[PROBLEM DETAILS] Nothing before the line containing "(verts G) \<le>" belongs in the answer; quote that line and all lines after it through the end of the material, word for word.

[GIVEN DATA]

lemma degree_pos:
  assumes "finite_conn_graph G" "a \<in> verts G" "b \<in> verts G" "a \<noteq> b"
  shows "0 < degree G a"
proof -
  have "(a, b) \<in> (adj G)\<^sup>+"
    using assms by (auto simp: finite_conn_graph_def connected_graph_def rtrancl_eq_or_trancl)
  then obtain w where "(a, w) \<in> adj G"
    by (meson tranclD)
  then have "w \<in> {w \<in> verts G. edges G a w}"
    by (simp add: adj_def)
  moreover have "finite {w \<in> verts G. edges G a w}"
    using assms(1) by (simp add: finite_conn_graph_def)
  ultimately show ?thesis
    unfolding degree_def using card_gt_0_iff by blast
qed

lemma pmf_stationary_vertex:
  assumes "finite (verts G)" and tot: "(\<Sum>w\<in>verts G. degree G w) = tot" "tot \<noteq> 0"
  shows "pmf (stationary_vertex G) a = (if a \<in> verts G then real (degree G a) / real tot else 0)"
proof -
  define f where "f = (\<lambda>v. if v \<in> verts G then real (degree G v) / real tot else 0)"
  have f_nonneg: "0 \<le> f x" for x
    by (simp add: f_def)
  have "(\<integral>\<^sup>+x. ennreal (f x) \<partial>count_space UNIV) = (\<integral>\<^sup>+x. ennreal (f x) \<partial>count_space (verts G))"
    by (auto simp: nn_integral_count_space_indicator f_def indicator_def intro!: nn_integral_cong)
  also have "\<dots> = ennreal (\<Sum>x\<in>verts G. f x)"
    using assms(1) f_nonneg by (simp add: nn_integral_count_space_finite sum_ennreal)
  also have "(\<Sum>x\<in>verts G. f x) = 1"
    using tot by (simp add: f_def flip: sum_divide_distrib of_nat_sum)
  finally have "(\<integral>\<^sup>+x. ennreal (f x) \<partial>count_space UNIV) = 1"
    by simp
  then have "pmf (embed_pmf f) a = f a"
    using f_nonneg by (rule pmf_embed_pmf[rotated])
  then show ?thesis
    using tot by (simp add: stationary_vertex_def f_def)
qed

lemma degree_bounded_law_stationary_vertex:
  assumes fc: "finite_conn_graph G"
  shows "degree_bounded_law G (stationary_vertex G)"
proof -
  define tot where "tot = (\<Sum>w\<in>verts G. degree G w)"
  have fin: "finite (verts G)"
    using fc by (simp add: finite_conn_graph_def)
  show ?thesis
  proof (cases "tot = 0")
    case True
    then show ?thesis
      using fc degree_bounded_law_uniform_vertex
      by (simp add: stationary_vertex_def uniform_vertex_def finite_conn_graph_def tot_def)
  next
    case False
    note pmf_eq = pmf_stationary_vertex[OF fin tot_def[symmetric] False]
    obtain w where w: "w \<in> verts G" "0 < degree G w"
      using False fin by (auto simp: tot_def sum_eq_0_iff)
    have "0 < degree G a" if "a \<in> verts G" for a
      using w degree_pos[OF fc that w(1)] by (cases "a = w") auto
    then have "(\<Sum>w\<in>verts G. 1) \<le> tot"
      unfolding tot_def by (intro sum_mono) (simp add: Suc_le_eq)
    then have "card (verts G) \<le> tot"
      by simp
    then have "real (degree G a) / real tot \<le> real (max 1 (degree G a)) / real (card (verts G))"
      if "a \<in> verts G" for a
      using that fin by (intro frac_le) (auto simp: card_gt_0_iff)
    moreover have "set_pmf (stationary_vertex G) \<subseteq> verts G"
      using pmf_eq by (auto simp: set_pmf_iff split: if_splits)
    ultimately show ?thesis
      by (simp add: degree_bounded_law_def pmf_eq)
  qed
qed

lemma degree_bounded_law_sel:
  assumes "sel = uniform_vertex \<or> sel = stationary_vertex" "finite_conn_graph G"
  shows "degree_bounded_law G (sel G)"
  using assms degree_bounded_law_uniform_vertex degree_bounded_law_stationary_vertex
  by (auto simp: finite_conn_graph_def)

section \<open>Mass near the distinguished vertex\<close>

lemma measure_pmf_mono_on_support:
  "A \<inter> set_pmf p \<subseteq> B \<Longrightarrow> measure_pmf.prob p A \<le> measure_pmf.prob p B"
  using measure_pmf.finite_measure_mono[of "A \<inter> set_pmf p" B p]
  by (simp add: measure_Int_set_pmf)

[RESPONSE TO THIS EXERCISE]
    then have "card (verts G) \<le> tot"
      by simp
    then have "real (degree G a) / real tot \<le> real (max 1 (degree G a)) / real (card (verts G))"
      if "a \<in> verts G" for a
      using that fin by (intro frac_le) (auto simp: card_gt_0_iff)
    moreover have "set_pmf (stationary_vertex G) \<subseteq> verts G"
      using pmf_eq by (auto simp: set_pmf_iff split: if_splits)
    ultimately show ?thesis
      by (simp add: degree_bounded_law_def pmf_eq)
  qed
qed

lemma degree_bounded_law_sel:
  assumes "sel = uniform_vertex \<or> sel = stationary_vertex" "finite_conn_graph G"
  shows "degree_bounded_law G (sel G)"
  using assms degree_bounded_law_uniform_vertex degree_bounded_law_stationary_vertex
  by (auto simp: finite_conn_graph_def)

section \<open>Mass near the distinguished vertex\<close>

lemma measure_pmf_mono_on_support:
  "A \<inter> set_pmf p \<subseteq> B \<Longrightarrow> measure_pmf.prob p A \<le> measure_pmf.prob p B"
  using measure_pmf.finite_measure_mono[of "A \<inter> set_pmf p" B p]
  by (simp add: measure_Int_set_pmf)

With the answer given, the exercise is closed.